1.1. VACATION. Employee shall accrue vacation at the rate set forth
in the then current policy of viaLink relating thereto.
1.2. PROGRAMS. Employee shall be eligible for viaLink's group
benefits programs currently in place which are offered to all
employees of viaLink ("Programs"); provided, however, that
such Programs may be amended by viaLink from time to time in
its sole and absolute discretion. Eligibility for each of such
Programs shall be subject to and administered according to any
applicable documents relating to such Programs.
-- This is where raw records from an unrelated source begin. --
(* Let $M$ be a proper metric space and $X_1,\dots,X_n$ a coarsely transverse collection of half spaces in $M$. For $\sigma\in S_n$ put $A_0^\sigma=X_{\sigma_1}\cdots X_{\sigma_n}$ and $A_i^\sigma=X_{\sigma_i}^cX_{\sigma_{i+1}}\cdots X_{\sigma_n}$ ($i=1,\dots,n$), products of indicator functions. Then in $HX^n(M)$, $$[\mathbf 1\wedge X_1\wedge\dots\wedge X_n]=(-1)^n\sum_{\sigma\in S_n}\mathrm{sgn}(\sigma)\,[A_0^\sigma\wedge\dots\wedge A_n^\sigma].$$
   Context: Borel sets are identified with their indicator functions; $\mathbf 1$ is the constant function $1$. For $Y\subseteq M$, $Y_R=\{x:d(x,Y)\le R\}$. Borel sets $X_1,\dots,X_n$ form a coarsely transverse collection of half spaces if $\bigcap_i (X_i)_R\cap(X_i^c)_R$ is bounded for all $R\ge0$. Coarse cohomology: equip $M^{n+1}$ with the max metric, let $\Delta\subset M^{n+1}$ be the multi-diagonal and $\Delta_R$ its $R$-thickening. $CX^n(M)$ is the space of locally bounded Borel functions $\theta:M^{n+1}\to\mathbb{C}$ such that $\mathrm{supp}(\theta)\cap\Delta_R$ is bounded for every $R>0$, with differential $\delta\theta=\sum_{i=0}^{n+1}(-1)^i\pi_i^*\theta$ ($\pi_i:M^{n+2}\to M^{n+1}$ omits the $i$-th coordinate); $HX^n(M)$ is its cohomology (equivalently, that of the subcomplex of anti-symmetric cochains). For bounded Borel functions $f_0,\dots,f_n$, $f_0\wedge\dots\wedge f_n=\sum_{\sigma\in S_{n+1}}\mathrm{sgn}(\sigma)f_{\sigma_0}\otimes\dots\otimes f_{\sigma_n}$. Both sides' cochains are coarse cocycles under the hypothesis. *)

theory Defs
  imports "HOL-Analysis.Analysis" "HOL-Combinatorics.Permutations"
begin

text \<open>Tuples in M^(k+1) are represented as extensional functions on {..k}.\<close>

abbreviation tuples :: "nat \<Rightarrow> (nat \<Rightarrow> 'a) set" where
  "tuples k \<equiv> PiE {..k} (\<lambda>_. UNIV)"

text \<open>R-thickening Y_R = {x. d(x,Y) \<le> R} (empty for empty Y, as d(x,{}) = \<infinity>).\<close>
definition thick :: "real \<Rightarrow> 'a::metric_space set \<Rightarrow> 'a set" where
  "thick R Y = {x. Y \<noteq> {} \<and> infdist x Y \<le> R}"

definition coarsely_transverse :: "nat \<Rightarrow> (nat \<Rightarrow> 'a::metric_space set) \<Rightarrow> bool" where
  "coarsely_transverse n X \<longleftrightarrow>
     (\<forall>i\<in>{1..n}. X i \<in> sets borel) \<and>
     (\<forall>R\<ge>0. bounded (\<Inter>i\<in>{1..n}. thick R (X i) \<inter> thick R (- X i)))"

definition bounded_tuples :: "nat \<Rightarrow> (nat \<Rightarrow> 'a::metric_space) set \<Rightarrow> bool" where
  "bounded_tuples k S \<longleftrightarrow> (\<exists>c r. \<forall>x\<in>S. \<forall>i\<le>k. dist c (x i) \<le> r)"

definition diag_dist :: "nat \<Rightarrow> (nat \<Rightarrow> 'a::metric_space) \<Rightarrow> real" where
  "diag_dist k x = (INF z. Max ((\<lambda>i. dist (x i) z) ` {..k}))"

definition diag_thick :: "nat \<Rightarrow> real \<Rightarrow> (nat \<Rightarrow> 'a::metric_space) set" where
  "diag_thick k R = {x \<in> tuples k. diag_dist k x \<le> R}"

definition supp_cochain :: "nat \<Rightarrow> ((nat \<Rightarrow> 'a) \<Rightarrow> complex) \<Rightarrow> (nat \<Rightarrow> 'a) set" where
  "supp_cochain k \<theta> = {x \<in> tuples k. \<theta> x \<noteq> 0}"

definition CX :: "nat \<Rightarrow> ((nat \<Rightarrow> 'a::metric_space) \<Rightarrow> complex) set" where
  "CX k = {\<theta>.
     \<theta> \<in> borel_measurable (PiM {..k} (\<lambda>_. borel)) \<and>
     (\<forall>S. S \<subseteq> tuples k \<longrightarrow> bounded_tuples k S \<longrightarrow> (\<exists>K. \<forall>x\<in>S. norm (\<theta> x) \<le> K)) \<and>
     (\<forall>R>0. bounded_tuples k (supp_cochain k \<theta> \<inter> diag_thick k R))}"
2. EMPLOYEE DUTIES. Employee shall (i) perform all duties which are
assigned to Employee by viaLink from time to time, (ii) devote his full
time, attention, knowledge and skills during the normal business hours
of vialink, as they may be established from time to time, in
furtherance of the business of viaLink, and (iii) faithfully,
diligently, and to the best of his ability, perform the duties
described above and further viaLink's best interests.
3. EMPLOYEE'S OBLIGATIONS, COVENANTS AND RESTRICTIONS.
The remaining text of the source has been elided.